### Provided data
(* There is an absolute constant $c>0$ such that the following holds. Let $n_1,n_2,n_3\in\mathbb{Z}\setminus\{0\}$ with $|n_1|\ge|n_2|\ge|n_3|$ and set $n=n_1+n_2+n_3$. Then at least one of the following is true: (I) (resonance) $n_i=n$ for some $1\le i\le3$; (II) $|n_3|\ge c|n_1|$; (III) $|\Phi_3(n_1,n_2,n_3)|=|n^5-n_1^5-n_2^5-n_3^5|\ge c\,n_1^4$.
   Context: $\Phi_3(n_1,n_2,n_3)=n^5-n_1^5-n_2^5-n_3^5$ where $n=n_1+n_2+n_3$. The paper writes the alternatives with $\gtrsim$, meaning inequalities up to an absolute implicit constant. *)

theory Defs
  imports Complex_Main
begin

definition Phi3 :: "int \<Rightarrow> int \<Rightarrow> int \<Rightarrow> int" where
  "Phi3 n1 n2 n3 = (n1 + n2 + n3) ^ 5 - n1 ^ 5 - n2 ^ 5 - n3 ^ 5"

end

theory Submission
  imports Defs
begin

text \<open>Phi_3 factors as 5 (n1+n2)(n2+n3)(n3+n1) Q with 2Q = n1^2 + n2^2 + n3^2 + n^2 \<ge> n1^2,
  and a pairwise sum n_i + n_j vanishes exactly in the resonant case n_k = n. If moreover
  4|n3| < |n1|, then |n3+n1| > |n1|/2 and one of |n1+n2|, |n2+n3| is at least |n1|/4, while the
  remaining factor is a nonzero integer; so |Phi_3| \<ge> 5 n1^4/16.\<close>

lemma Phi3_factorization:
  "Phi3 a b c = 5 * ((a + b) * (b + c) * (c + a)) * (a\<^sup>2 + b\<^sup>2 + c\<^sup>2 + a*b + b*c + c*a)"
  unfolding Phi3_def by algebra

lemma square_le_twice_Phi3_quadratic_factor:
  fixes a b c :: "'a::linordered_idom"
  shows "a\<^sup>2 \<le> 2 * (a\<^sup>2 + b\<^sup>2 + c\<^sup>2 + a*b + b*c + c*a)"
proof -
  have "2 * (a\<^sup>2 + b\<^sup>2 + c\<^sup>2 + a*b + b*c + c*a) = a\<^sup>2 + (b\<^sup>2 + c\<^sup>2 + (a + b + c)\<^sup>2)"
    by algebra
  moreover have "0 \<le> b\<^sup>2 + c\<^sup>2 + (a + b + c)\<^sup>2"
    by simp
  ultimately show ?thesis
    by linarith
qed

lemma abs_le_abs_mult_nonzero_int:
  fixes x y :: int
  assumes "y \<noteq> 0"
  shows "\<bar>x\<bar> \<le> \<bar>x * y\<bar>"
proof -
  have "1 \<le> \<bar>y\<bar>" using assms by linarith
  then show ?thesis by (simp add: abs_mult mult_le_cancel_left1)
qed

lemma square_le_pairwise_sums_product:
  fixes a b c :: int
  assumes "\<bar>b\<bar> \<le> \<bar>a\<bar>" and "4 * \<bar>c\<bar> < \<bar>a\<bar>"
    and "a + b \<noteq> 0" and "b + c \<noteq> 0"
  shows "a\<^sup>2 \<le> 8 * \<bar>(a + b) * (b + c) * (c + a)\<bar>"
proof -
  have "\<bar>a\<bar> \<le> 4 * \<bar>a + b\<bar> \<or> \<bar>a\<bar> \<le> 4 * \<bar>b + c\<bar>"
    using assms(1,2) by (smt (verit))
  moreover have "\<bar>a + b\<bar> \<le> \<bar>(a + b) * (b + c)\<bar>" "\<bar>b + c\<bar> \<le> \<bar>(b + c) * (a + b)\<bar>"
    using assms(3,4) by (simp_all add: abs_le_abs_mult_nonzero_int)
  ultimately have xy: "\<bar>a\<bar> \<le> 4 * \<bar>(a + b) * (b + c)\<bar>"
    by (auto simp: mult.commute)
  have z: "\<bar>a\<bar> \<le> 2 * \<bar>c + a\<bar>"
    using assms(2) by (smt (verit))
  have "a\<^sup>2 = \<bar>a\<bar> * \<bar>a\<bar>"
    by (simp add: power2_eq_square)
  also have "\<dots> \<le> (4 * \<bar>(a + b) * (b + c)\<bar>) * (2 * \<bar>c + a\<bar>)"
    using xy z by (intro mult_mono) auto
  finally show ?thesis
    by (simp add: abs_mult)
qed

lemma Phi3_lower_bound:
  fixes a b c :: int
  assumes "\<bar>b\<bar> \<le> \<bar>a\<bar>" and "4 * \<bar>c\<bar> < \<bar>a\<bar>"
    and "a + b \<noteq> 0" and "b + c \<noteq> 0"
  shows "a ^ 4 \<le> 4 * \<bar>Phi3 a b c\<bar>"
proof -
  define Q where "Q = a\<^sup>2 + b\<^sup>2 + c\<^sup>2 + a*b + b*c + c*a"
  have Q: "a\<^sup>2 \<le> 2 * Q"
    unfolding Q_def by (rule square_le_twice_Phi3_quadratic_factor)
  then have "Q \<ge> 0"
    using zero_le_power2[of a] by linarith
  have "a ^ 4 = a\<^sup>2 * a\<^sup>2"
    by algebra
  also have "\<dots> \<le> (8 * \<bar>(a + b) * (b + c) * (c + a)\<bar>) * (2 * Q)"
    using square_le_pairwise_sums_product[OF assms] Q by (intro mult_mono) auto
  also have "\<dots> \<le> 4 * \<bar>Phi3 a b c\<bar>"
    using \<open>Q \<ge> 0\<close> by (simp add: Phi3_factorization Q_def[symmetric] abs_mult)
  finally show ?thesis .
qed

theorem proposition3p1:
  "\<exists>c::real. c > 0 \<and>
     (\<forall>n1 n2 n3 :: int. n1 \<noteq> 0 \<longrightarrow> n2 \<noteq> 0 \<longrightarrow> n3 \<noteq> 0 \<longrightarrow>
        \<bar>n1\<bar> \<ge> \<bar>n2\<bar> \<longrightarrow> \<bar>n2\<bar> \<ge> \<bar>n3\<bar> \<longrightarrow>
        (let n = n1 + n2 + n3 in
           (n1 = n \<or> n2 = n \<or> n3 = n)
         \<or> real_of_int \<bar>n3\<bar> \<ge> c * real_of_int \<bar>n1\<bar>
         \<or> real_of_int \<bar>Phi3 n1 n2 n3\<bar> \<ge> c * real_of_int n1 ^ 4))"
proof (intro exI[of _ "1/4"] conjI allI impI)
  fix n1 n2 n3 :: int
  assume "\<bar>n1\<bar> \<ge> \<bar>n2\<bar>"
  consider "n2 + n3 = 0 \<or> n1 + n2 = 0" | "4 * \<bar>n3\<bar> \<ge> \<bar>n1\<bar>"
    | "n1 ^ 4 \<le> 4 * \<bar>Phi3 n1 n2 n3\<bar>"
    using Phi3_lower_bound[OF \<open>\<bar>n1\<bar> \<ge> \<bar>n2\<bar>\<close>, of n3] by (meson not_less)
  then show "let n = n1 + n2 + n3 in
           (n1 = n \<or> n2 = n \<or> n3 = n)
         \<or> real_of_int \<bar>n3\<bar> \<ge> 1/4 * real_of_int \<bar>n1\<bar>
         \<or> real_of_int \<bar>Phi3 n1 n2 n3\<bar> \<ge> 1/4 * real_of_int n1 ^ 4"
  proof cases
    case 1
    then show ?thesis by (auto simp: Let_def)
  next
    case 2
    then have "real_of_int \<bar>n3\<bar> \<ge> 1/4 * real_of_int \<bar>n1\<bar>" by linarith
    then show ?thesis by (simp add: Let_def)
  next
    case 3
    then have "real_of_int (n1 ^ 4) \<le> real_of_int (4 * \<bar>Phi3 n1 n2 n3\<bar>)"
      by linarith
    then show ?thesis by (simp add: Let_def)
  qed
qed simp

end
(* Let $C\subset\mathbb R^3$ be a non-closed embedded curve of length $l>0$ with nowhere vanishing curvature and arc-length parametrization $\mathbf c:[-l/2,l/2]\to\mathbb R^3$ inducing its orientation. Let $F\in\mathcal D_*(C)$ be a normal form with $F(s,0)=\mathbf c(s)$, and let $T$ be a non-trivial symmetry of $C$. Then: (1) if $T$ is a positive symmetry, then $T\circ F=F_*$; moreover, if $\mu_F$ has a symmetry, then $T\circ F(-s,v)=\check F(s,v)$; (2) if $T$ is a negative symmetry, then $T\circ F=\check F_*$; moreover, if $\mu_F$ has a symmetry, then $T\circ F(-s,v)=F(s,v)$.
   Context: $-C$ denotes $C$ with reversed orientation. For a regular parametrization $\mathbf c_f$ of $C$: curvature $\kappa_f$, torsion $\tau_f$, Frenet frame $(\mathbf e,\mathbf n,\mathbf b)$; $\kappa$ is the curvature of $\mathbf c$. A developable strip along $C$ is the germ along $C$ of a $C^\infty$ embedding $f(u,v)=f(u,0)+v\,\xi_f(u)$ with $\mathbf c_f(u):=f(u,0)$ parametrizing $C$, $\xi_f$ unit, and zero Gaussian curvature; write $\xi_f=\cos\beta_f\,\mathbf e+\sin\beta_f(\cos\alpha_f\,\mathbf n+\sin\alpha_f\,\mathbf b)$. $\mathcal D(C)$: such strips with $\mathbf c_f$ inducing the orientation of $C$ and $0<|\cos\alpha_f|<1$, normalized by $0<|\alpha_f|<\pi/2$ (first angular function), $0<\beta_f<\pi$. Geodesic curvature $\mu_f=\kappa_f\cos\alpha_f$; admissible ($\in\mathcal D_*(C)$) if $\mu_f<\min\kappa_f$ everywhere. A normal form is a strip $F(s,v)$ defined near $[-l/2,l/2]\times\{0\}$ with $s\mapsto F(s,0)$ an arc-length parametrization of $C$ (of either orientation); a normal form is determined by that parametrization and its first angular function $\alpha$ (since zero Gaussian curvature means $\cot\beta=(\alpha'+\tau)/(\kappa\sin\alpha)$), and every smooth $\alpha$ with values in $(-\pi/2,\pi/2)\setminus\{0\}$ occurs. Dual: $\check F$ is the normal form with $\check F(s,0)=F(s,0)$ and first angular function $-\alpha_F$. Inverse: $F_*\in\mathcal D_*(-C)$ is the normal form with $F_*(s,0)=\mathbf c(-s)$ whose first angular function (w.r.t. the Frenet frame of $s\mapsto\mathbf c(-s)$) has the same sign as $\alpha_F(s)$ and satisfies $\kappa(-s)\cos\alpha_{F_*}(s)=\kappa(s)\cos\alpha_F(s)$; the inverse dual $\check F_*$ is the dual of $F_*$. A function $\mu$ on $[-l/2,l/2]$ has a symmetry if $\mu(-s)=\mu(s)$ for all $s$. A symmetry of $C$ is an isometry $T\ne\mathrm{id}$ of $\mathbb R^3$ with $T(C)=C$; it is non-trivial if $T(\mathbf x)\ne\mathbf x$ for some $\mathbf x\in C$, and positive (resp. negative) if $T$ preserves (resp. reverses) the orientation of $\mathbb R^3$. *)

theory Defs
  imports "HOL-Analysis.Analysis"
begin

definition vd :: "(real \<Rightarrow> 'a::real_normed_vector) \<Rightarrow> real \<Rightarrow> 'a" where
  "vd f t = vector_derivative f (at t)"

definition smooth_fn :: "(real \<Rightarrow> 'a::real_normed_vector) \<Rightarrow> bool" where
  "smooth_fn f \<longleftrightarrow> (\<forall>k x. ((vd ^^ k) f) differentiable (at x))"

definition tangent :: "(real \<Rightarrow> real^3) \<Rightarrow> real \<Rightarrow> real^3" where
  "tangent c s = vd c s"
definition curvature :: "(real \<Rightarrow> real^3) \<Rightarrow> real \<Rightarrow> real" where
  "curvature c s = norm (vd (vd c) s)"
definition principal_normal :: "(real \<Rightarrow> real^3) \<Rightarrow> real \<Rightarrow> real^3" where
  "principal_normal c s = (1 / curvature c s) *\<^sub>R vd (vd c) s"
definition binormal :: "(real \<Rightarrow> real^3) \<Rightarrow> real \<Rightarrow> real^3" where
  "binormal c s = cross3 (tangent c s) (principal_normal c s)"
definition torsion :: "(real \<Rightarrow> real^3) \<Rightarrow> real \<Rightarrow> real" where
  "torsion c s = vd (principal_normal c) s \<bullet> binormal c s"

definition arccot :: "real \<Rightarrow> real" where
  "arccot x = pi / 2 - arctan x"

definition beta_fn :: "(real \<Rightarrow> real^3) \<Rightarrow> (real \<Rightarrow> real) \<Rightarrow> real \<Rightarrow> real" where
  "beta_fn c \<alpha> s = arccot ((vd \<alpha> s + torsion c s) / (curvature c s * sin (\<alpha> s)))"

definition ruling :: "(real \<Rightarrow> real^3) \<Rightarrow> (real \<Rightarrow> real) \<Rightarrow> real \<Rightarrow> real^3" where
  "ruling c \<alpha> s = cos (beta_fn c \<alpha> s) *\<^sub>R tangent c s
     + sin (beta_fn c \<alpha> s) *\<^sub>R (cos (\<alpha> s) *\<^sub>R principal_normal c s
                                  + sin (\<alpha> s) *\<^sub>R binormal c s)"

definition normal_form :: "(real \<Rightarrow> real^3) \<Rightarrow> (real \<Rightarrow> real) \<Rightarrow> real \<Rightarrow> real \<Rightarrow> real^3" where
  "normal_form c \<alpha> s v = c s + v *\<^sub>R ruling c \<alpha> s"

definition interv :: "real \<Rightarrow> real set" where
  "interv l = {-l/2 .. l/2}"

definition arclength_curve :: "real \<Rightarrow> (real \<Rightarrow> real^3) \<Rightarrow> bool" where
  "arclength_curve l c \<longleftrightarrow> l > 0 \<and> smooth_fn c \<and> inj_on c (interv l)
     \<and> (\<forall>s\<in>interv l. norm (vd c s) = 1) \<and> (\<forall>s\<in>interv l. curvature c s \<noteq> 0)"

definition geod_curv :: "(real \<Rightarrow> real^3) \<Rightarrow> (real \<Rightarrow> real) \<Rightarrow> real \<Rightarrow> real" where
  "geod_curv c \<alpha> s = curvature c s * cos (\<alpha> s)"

### Task requirements
Could you transcribe the entries above word for word, from the line with "s) *\<^sub>R tangent c s" down to the line with "s) *\<^sub>R binormal", keeping both?

### Finished exercise
  "ruling c \<alpha> s = cos (beta_fn c \<alpha> s) *\<^sub>R tangent c s
     + sin (beta_fn c \<alpha> s) *\<^sub>R (cos (\<alpha> s) *\<^sub>R principal_normal c s
                                  + sin (\<alpha> s) *\<^sub>R binormal c s)"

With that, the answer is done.